Is there anything that makes a 10 base system superior to an 8 or 12 base system?

What if the Aliens in question only had eight fingers? Would they come up with an 8 based system. (Okay, serious question but this last part was a joke)

Is there anything that makes a 10 base system superior to an 8 or 12 base system?

What if the Aliens in question only had eight fingers? Would they come up with an 8 based system. (Okay, serious question but this last part was a joke)

Well, the base doesn’t really matter - the critical element is the concept of zero. It took humans quite a while to get it; I can picture an alien species somehow finding an alternative.

Why would an alien species have fingers?

But as Bryan says, the base does not really matter. If the did base 2, they might figure out digital systems more easily…

Since humans on their own have come up with non-base 10 numbering systems I see no reason aliens would be particularly likely to settle on base 10.

Base 60 systems occurred in ancient Mesopotamia and gave us our 60 unit time divisions (seconds, minutes, hours) and 360 divisions of the circle.

The Mayans used a base 20 system.

Europeans used base 12 for some purposes, hence “dozen” and “gross”, even while mostly using a base 10 system.

That’s just a few examples.

I’m not sure why that last part is a joke. If they had 8 fingers, they would more likely use base 8, as **Robot Arm**’s documentary pointed out (how many digits on that robot arm, anyway?). I’d say that, if we were being logical, we’d choose base 8, 12, or 16 instead of base 10, since those numbers are much more divisible, and 8 and 16 are much easier to convert to and from binary, which is a computer’s natural base.

Indeed, no reason for even humans to settle with ten. The Babylonian method of counting to 12 in one hand, and then to 60:

You do it by counting your finger segments.I remember that it came by the Mayas realizing that they could count also their toes, 20 digits really, so it made sense to have a base 20.

So even if the aliens had 10 fingers or tentacles there is no rule that they would had arrived to a base 10 system.

Eight fingers total? The aliens may have to use a base-4 system if they were quadrupeds. They would lift on forepaw and count 1, 2, 3, 4 … but if they lifted their other forepaw they’d fall flat on their face and bloody their noses.

ETA: 60 is a nice number in that it’s evenly divisible by 2, 3, 4, 5, 6, 10, 12, 15, 20, and 30.

If you have a system of writing, there is an advantage in larger bases. In base 10, nine is 9, in base two, 9 is 1001. I’d hate to write one million in base 2,

Only, as noted above, if you have a zero. Try writing in Roman Numerals, which are a representation of a base 10 system.

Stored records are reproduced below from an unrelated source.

(* Let $A$ be a UFD containing $\mathbb{Q}$, $K=\operatorname{frac}(A)$, $B=A^{[n]}$ and $D\in\operatorname{LND}_A(B)$. Let $D_K$ be the extension of $D$ to $K^{[n]}$. If $D$ is irreducible, then $D_K$ is irreducible.
   Context: $A^{[n]}$ denotes the polynomial ring in $n$ variables over $A$; $\operatorname{LND}_A(B)$ is the set of locally nilpotent $A$-derivations of $B$. A derivation $D$ of a domain $R$ is reducible if $D(R)\subset fR$ for some non-unit $f\in R$, and irreducible otherwise. *)

theory Defs
  imports "HOL-Library.Poly_Mapping" "HOL-Computational_Algebra.Fraction_Field"
    "HOL-Computational_Algebra.Factorial_Ring"
begin

text \<open>Polynomials with coefficients in 'b in the variables x_0, x_1, ...:
  finitely supported maps from monomials (exponent vectors) to coefficients.
  The polynomial ring R^[n] is the subring of those involving only x_0..x_(n-1).\<close>

type_synonym 'b mpoly = "(nat \<Rightarrow>\<^sub>0 nat) \<Rightarrow>\<^sub>0 'b"

definition polys :: "nat \<Rightarrow> ('b::comm_ring_1) mpoly set" where
  "polys n = {p. \<forall>m \<in> Poly_Mapping.keys p. \<forall>i \<in> Poly_Mapping.keys m. i < n}"

definition mconst :: "'b::comm_ring_1 \<Rightarrow> 'b mpoly" where
  "mconst c = Poly_Mapping.single 0 c"

definition is_R_derivation :: "nat \<Rightarrow> (('b::comm_ring_1) mpoly \<Rightarrow> 'b mpoly) \<Rightarrow> bool" where
  "is_R_derivation n D \<longleftrightarrow>
     (\<forall>f \<in> polys n. D f \<in> polys n) \<and>
     (\<forall>f \<in> polys n. \<forall>g \<in> polys n. D (f + g) = D f + D g) \<and>
     (\<forall>f \<in> polys n. \<forall>g \<in> polys n. D (f * g) = f * D g + g * D f) \<and>
     (\<forall>c. D (mconst c) = 0)"

definition is_LND :: "nat \<Rightarrow> (('b::comm_ring_1) mpoly \<Rightarrow> 'b mpoly) \<Rightarrow> bool" where
  "is_LND n D \<longleftrightarrow> is_R_derivation n D \<and> (\<forall>f \<in> polys n. \<exists>k. (D ^^ k) f = 0)"

definition reducible_der :: "nat \<Rightarrow> (('b::comm_ring_1) mpoly \<Rightarrow> 'b mpoly) \<Rightarrow> bool" where
  "reducible_der n D \<longleftrightarrow>
     (\<exists>f \<in> polys n. \<not> (\<exists>u \<in> polys n. f * u = 1) \<and>
        (\<forall>g \<in> polys n. \<exists>h \<in> polys n. D g = f * h))"

definition irreducible_der :: "nat \<Rightarrow> (('b::comm_ring_1) mpoly \<Rightarrow> 'b mpoly) \<Rightarrow> bool" where
  "irreducible_der n D \<longleftrightarrow> \<not> reducible_der n D"

definition to_K :: "('a::idom) mpoly \<Rightarrow> 'a fract mpoly" where
  "to_K p = Poly_Mapping.map (\<lambda>a. Fract a 1) p"

end

theory Submission
  imports Defs
begin

text \<open>Clearing denominators and dividing out the content writes a nonzero f of K^[n] as
  c * g with c a nonzero constant and g in A^[n] primitive. If D_K maps K^[n] into
  f K^[n], then for every p in A^[n] we get D p = g * h with h in K^[n], and Gauss's
  lemma (a prime dividing all coefficients of a product divides all coefficients of
  one factor) puts h in A^[n]. As g is a non-unit of A^[n] whenever f is a non-unit
  of K^[n], D is reducible.\<close>

lemma lookup_mconst_mult: "Poly_Mapping.lookup (mconst c * p) k = c * Poly_Mapping.lookup p k"
  unfolding mconst_def mult_map_scale_conv_mult[symmetric] by (simp add: map.rep_eq when_def)

lemma mconst_mult: "mconst a * mconst b = mconst (a * b)"
  unfolding mconst_def by (simp add: mult_single)

lemma mconst_1 [simp]: "mconst 1 = 1"
  unfolding mconst_def by simp

lemma mconst_eq_0_iff [simp]: "mconst c = 0 \<longleftrightarrow> c = 0"
  unfolding mconst_def by (metis lookup_single_eq lookup_zero single_zero)

lemma mconst_polys: "mconst c \<in> polys n"
  unfolding polys_def mconst_def by simp

lemma polys_mult:
  assumes "p \<in> polys n" "q \<in> polys n"
  shows "p * q \<in> polys n"
  unfolding polys_def
proof (intro CollectI ballI)
  fix m i assume m: "m \<in> Poly_Mapping.keys (p * q)" and i: "i \<in> Poly_Mapping.keys m"
  have "m \<in> {a + b | a b. a \<in> Poly_Mapping.keys p \<and> b \<in> Poly_Mapping.keys q}"
    using keys_mult m by (rule subsetD)
  then obtain a b where ab: "m = a + b" "a \<in> Poly_Mapping.keys p" "b \<in> Poly_Mapping.keys q"
    by blast
  have "i \<in> Poly_Mapping.keys a \<union> Poly_Mapping.keys b"
    using i keys_add[of a b] ab(1) by blast
  then show "i < n"
    using assms ab(2,3) unfolding polys_def by blast
qed

lemma lookup_to_K: "Poly_Mapping.lookup (to_K p) k = Fract (Poly_Mapping.lookup p k) 1"
  unfolding to_K_def by (simp add: map.rep_eq when_def fract_collapse)

lemma Fract_1_eq_0_iff [simp]: "Fract (a::'a::idom) 1 = 0 \<longleftrightarrow> a = 0"
  by (simp add: Zero_fract_def eq_fract)

lemma Fract_1_add: "Fract ((a::'a::idom) + b) 1 = Fract a 1 + Fract b 1"
  by simp

lemma Fract_1_mult: "Fract ((a::'a::idom) * b) 1 = Fract a 1 * Fract b 1"
  by simp

lemma Fract_sum: "Fract (sum h S) 1 = (\<Sum>x\<in>S. Fract (h x) 1)"
  by (induction S rule: infinite_finite_induct) (simp_all add: fract_collapse Fract_1_add del: add_fract)

lemma keys_to_K [simp]: "Poly_Mapping.keys (to_K p) = Poly_Mapping.keys p"
  by (simp add: in_keys_iff lookup_to_K set_eq_iff)

lemma to_K_polys_iff [simp]: "to_K p \<in> polys n \<longleftrightarrow> p \<in> polys n"
  by (simp add: polys_def)

lemma to_K_inject: "to_K p = to_K q \<longleftrightarrow> p = q"
  by (metis poly_mapping_eqI lookup_to_K eq_fract(1) one_neq_zero mult_1_right)

lemma to_K_mconst: "to_K (mconst c) = mconst (Fract c 1)"
  by (rule poly_mapping_eqI) (simp add: lookup_to_K mconst_def lookup_single when_def fract_collapse)

lemma to_K_0 [simp]: "to_K 0 = 0"
  using to_K_mconst[of 0] by (simp add: mconst_def fract_collapse)

lemma to_K_1 [simp]: "to_K 1 = 1"
  using to_K_mconst[of 1] by (simp add: fract_collapse)

lemma lookup_mult_keys:
  "Poly_Mapping.lookup (f * g) k =
     (\<Sum>(l, r) \<in> Poly_Mapping.keys f \<times> Poly_Mapping.keys g.
        Poly_Mapping.lookup f l * Poly_Mapping.lookup g r when k = l + r)"
proof -
  have keys_g: "(\<Sum>r. Poly_Mapping.lookup g r when k = l + r) =
      (\<Sum>r\<in>Poly_Mapping.keys g. Poly_Mapping.lookup g r when k = l + r)" for l
    by (rule Sum_any.expand_superset) (auto simp: in_keys_iff)
  have "Poly_Mapping.lookup (f * g) k = (\<Sum>l\<in>Poly_Mapping.keys f.
      Poly_Mapping.lookup f l * (\<Sum>r\<in>Poly_Mapping.keys g. Poly_Mapping.lookup g r when k = l + r))"
    unfolding lookup_mult keys_g by (rule Sum_any.expand_superset) (auto simp: in_keys_iff)
  also have "\<dots> = (\<Sum>(l, r) \<in> Poly_Mapping.keys f \<times> Poly_Mapping.keys g.
      Poly_Mapping.lookup f l * Poly_Mapping.lookup g r when k = l + r)"
    by (simp only: sum_distrib_left mult_when sum.cartesian_product)
  finally show ?thesis .
qed

lemma to_K_mult: "to_K (f * g) = to_K f * to_K g"
  by (rule poly_mapping_eqI, unfold lookup_mult_keys lookup_to_K keys_to_K Fract_sum)
    (rule sum.cong, auto simp: when_def fract_collapse Fract_1_mult simp del: mult_fract)

definition coeffs_dvd :: "'b::comm_semiring_1 \<Rightarrow> ('m \<Rightarrow>\<^sub>0 'b) \<Rightarrow> bool" where
  "coeffs_dvd q f \<longleftrightarrow> (\<forall>k. q dvd Poly_Mapping.lookup f k)"

definition primitive_mpoly :: "'a::{factorial_semiring, idom} mpoly \<Rightarrow> bool" where
  "primitive_mpoly f \<longleftrightarrow> (\<forall>q. prime q \<longrightarrow> \<not> coeffs_dvd q f)"

lemma add_eq_imp_less_or_less:
  fixes a b l r :: "'m::{ordered_cancel_comm_monoid_add, linorder}"
  assumes "l + r = a + b" "(l, r) \<noteq> (a, b)"
  shows "a < l \<or> b < r"
proof (rule ccontr)
  assume "\<not> (a < l \<or> b < r)"
  then have "l \<le> a" "r \<le> b" by (simp_all add: not_less)
  with assms have "l < a \<or> r < b" by auto
  with \<open>l \<le> a\<close> \<open>r \<le> b\<close> have "l + r < a + b"
    by (auto intro: add_less_le_mono add_le_less_mono)
  with assms(1) show False by simp
qed

lemma dvd_lookup_mult_at_top_iff:
  fixes f g :: "('m::{ordered_cancel_comm_monoid_add, linorder}) \<Rightarrow>\<^sub>0 'b::comm_semiring_1_cancel"
  assumes f_top: "\<forall>l > a. q dvd Poly_Mapping.lookup f l"
    and g_top: "\<forall>r > b. q dvd Poly_Mapping.lookup g r"
  shows "q dvd Poly_Mapping.lookup (f * g) (a + b) \<longleftrightarrow>
           q dvd Poly_Mapping.lookup f a * Poly_Mapping.lookup g b"
proof -
  define T where "T = Poly_Mapping.keys f \<times> Poly_Mapping.keys g"
  define P where "P = (\<lambda>(l, r). Poly_Mapping.lookup f l * Poly_Mapping.lookup g r when a + b = l + r)"
  have "Poly_Mapping.lookup (f * g) (a + b) = sum P (insert (a, b) T)"
    unfolding lookup_mult_keys P_def T_def
    by (rule sum.mono_neutral_left) (auto simp: in_keys_iff)
  also have "\<dots> = P (a, b) + sum P (T - {(a, b)})"
    by (simp add: T_def sum.insert_remove)
  finally have split: "Poly_Mapping.lookup (f * g) (a + b) = P (a, b) + sum P (T - {(a, b)})" .
  have "q dvd P (l, r)" if "(l, r) \<noteq> (a, b)" for l r
  proof (cases "l + r = a + b")
    case True
    then have "a < l \<or> b < r"
      using that by (rule add_eq_imp_less_or_less)
    with f_top g_top show ?thesis
      by (auto simp: P_def True)
  qed (auto simp: P_def)
  then have "q dvd sum P (T - {(a, b)})"
    by (intro dvd_sum) auto
  then show ?thesis
    unfolding split by (simp add: dvd_add_left_iff P_def)
qed

lemma exists_top_coeff_not_dvd:
  fixes f :: "('m::linorder) \<Rightarrow>\<^sub>0 'b::comm_semiring_1"
  assumes "\<not> coeffs_dvd q f"
  obtains a where "\<not> q dvd Poly_Mapping.lookup f a" "\<forall>l > a. q dvd Poly_Mapping.lookup f l"
proof -
  define S where "S = {l. \<not> q dvd Poly_Mapping.lookup f l}"
  have "S \<subseteq> Poly_Mapping.keys f"
    by (auto simp: S_def in_keys_iff)
  then have "finite S" by (rule finite_subset) simp
  moreover have "S \<noteq> {}"
    using assms by (auto simp: S_def coeffs_dvd_def)
  ultimately have "Max S \<in> S" "\<forall>l > Max S. l \<notin> S"
    by (auto dest: Max_ge)
  then show thesis
    using that unfolding S_def by blast
qed

lemma prime_elem_coeffs_dvd_mult:
  fixes f g :: "('m::{ordered_cancel_comm_monoid_add, linorder}) \<Rightarrow>\<^sub>0 'b::comm_semiring_1_cancel"
  assumes "prime_elem q" "coeffs_dvd q (f * g)"
  shows "coeffs_dvd q f \<or> coeffs_dvd q g"
proof (rule ccontr)
  assume "\<not> (coeffs_dvd q f \<or> coeffs_dvd q g)"
  then obtain a b where
    "\<not> q dvd Poly_Mapping.lookup f a" "\<forall>l > a. q dvd Poly_Mapping.lookup f l"
    "\<not> q dvd Poly_Mapping.lookup g b" "\<forall>r > b. q dvd Poly_Mapping.lookup g r"
    by (meson exists_top_coeff_not_dvd)
  moreover have "q dvd Poly_Mapping.lookup (f * g) (a + b)"
    using assms(2) by (simp add: coeffs_dvd_def)
  ultimately show False
    using assms(1) dvd_lookup_mult_at_top_iff prime_elem_dvd_mult_iff by metis
qed

lemma coeffs_dvd_mconst_mult: "q dvd c \<Longrightarrow> coeffs_dvd q (mconst c * p)"
  by (simp add: coeffs_dvd_def lookup_mconst_mult)

lemma coeffs_dvd_imp_mconst_dvd:
  fixes f :: "'b::{idom, algebraic_semidom} mpoly"
  assumes "coeffs_dvd q f"
  shows "mconst q dvd f"
proof
  show "f = mconst q * Poly_Mapping.map (\<lambda>a. a div q) f"
  proof (rule poly_mapping_eqI)
    fix k
    have dvd: "q dvd Poly_Mapping.lookup f k"
      using assms by (simp add: coeffs_dvd_def)
    show "Poly_Mapping.lookup f k = Poly_Mapping.lookup (mconst q * Poly_Mapping.map (\<lambda>a. a div q) f) k"
      by (simp add: lookup_mconst_mult map.rep_eq when_def dvd)
  qed
qed

lemma primitive_part_exists:
  fixes f :: "'a::{factorial_semiring, idom} mpoly"
  assumes "f \<noteq> 0"
  obtains u g where "u \<noteq> 0" "f = mconst u * g" "primitive_mpoly g"
proof -
  obtain m where "Poly_Mapping.lookup f m \<noteq> 0"
    using assms by (metis poly_mapping_eqI lookup_zero)
  moreover have "\<exists>u g. u \<noteq> 0 \<and> f = mconst u * g \<and> primitive_mpoly g"
    if "Poly_Mapping.lookup f m \<noteq> 0" for f :: "'a mpoly"
    using that
  proof (induction "size (prime_factorization (Poly_Mapping.lookup f m))" arbitrary: f rule: less_induct)
    case less
    show ?case
    proof (cases "primitive_mpoly f")
      case True
      then show ?thesis by (intro exI[of _ 1] exI[of _ f]) simp
    next
      case False
      then obtain q where q: "prime q" "coeffs_dvd q f"
        by (auto simp: primitive_mpoly_def)
      then obtain f' where f: "f = mconst q * f'"
        using coeffs_dvd_imp_mconst_dvd by blast
      have coeff: "Poly_Mapping.lookup f m = q * Poly_Mapping.lookup f' m"
        by (simp add: f lookup_mconst_mult)
      with less.prems have "Poly_Mapping.lookup f' m \<noteq> 0" by auto
      moreover have "size (prime_factorization (Poly_Mapping.lookup f' m)) <
          size (prime_factorization (Poly_Mapping.lookup f m))"
        using q(1) less.prems \<open>Poly_Mapping.lookup f' m \<noteq> 0\<close>
        by (simp add: coeff prime_factorization_mult prime_factorization_prime)
      ultimately obtain u g where "u \<noteq> 0" "f' = mconst u * g" "primitive_mpoly g"
        using less.hyps by blast
      then show ?thesis
        using q(1) by (intro exI[of _ "q * u"] exI[of _ g]) (auto simp: f mconst_mult mult.assoc)
    qed
  qed
  ultimately show thesis
    using that by blast
qed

I know the Romans didn’t have a 0, but this confuses me. If you asked a roman child this question “Ceasar has 2 apples, Brutus took two apples from Ceasar, how many apples did Ceasar now have?” what would the roman child say?

The Romans would have had a word for ‘none’, I’m pretty sure. The real advantage of the Arabic zero is not being able to answer the question above, but in being able to make numbers like 10 and 20- thus, not only zero, but positional notation, in which the symbol 2 can mean two, twenty, two hundred, or two thousand, depending on the other digits around it. But you can’t get a system like that to work without a zero.

The Romans didn’t really have that. A V pretty much always meant five… maybe you could underline it to multiply it by a thousand or something like that, but there’s a limit to how many times you can underline XVII

As has oft been pointed out, a base-ten system is not as handy as a base-twelve system. But most anything will work if you have a place-holder system.

Show me a picture of the aliens. I’ll give you some educated guesses on their number base. Although as noted above, it won’t necessarily be as simple as counting their finger-equivalents.

Would a sentient starfish count in base 5, or in base 4 since he’d be using one appendage to enumerate the others?

A federation of aliens, each with different bodily features, would probably come up with a base 8 or base 16 system, since they would certainly use that for their computers no matter how many digits they have. Base 10 is about the worst non-prime choice in the first 15. (Yes 15, I’m a world authority on base 1 arithmetic.)

It’s worth pointing out that however many digits these aliens use in their number system, they will call it “base 10”.

23, same as always.

Is that counting the toothpick?

I’m reading a sort of old-fashioned space opera series that deals with this. The valiant Earthlings fight alien races with different digits, and the story is told from both perspectives, so you get alien troop numbers in a base 8 system, then the humans note how they under attack by 64 fighters.

A base-12 system does seem somewhat superior to a base-10 system. In a base-12 system, it would be easier to identify multiples of two, three, four, and six because they would always have the same final digits. In a base-10 system, you only get this with multiples of two and five.

Well then, how many tentcles on each pod… maybe they have 4 tentacles on the right pod and 6 on the left… or even a variable number on each, then what base would the use?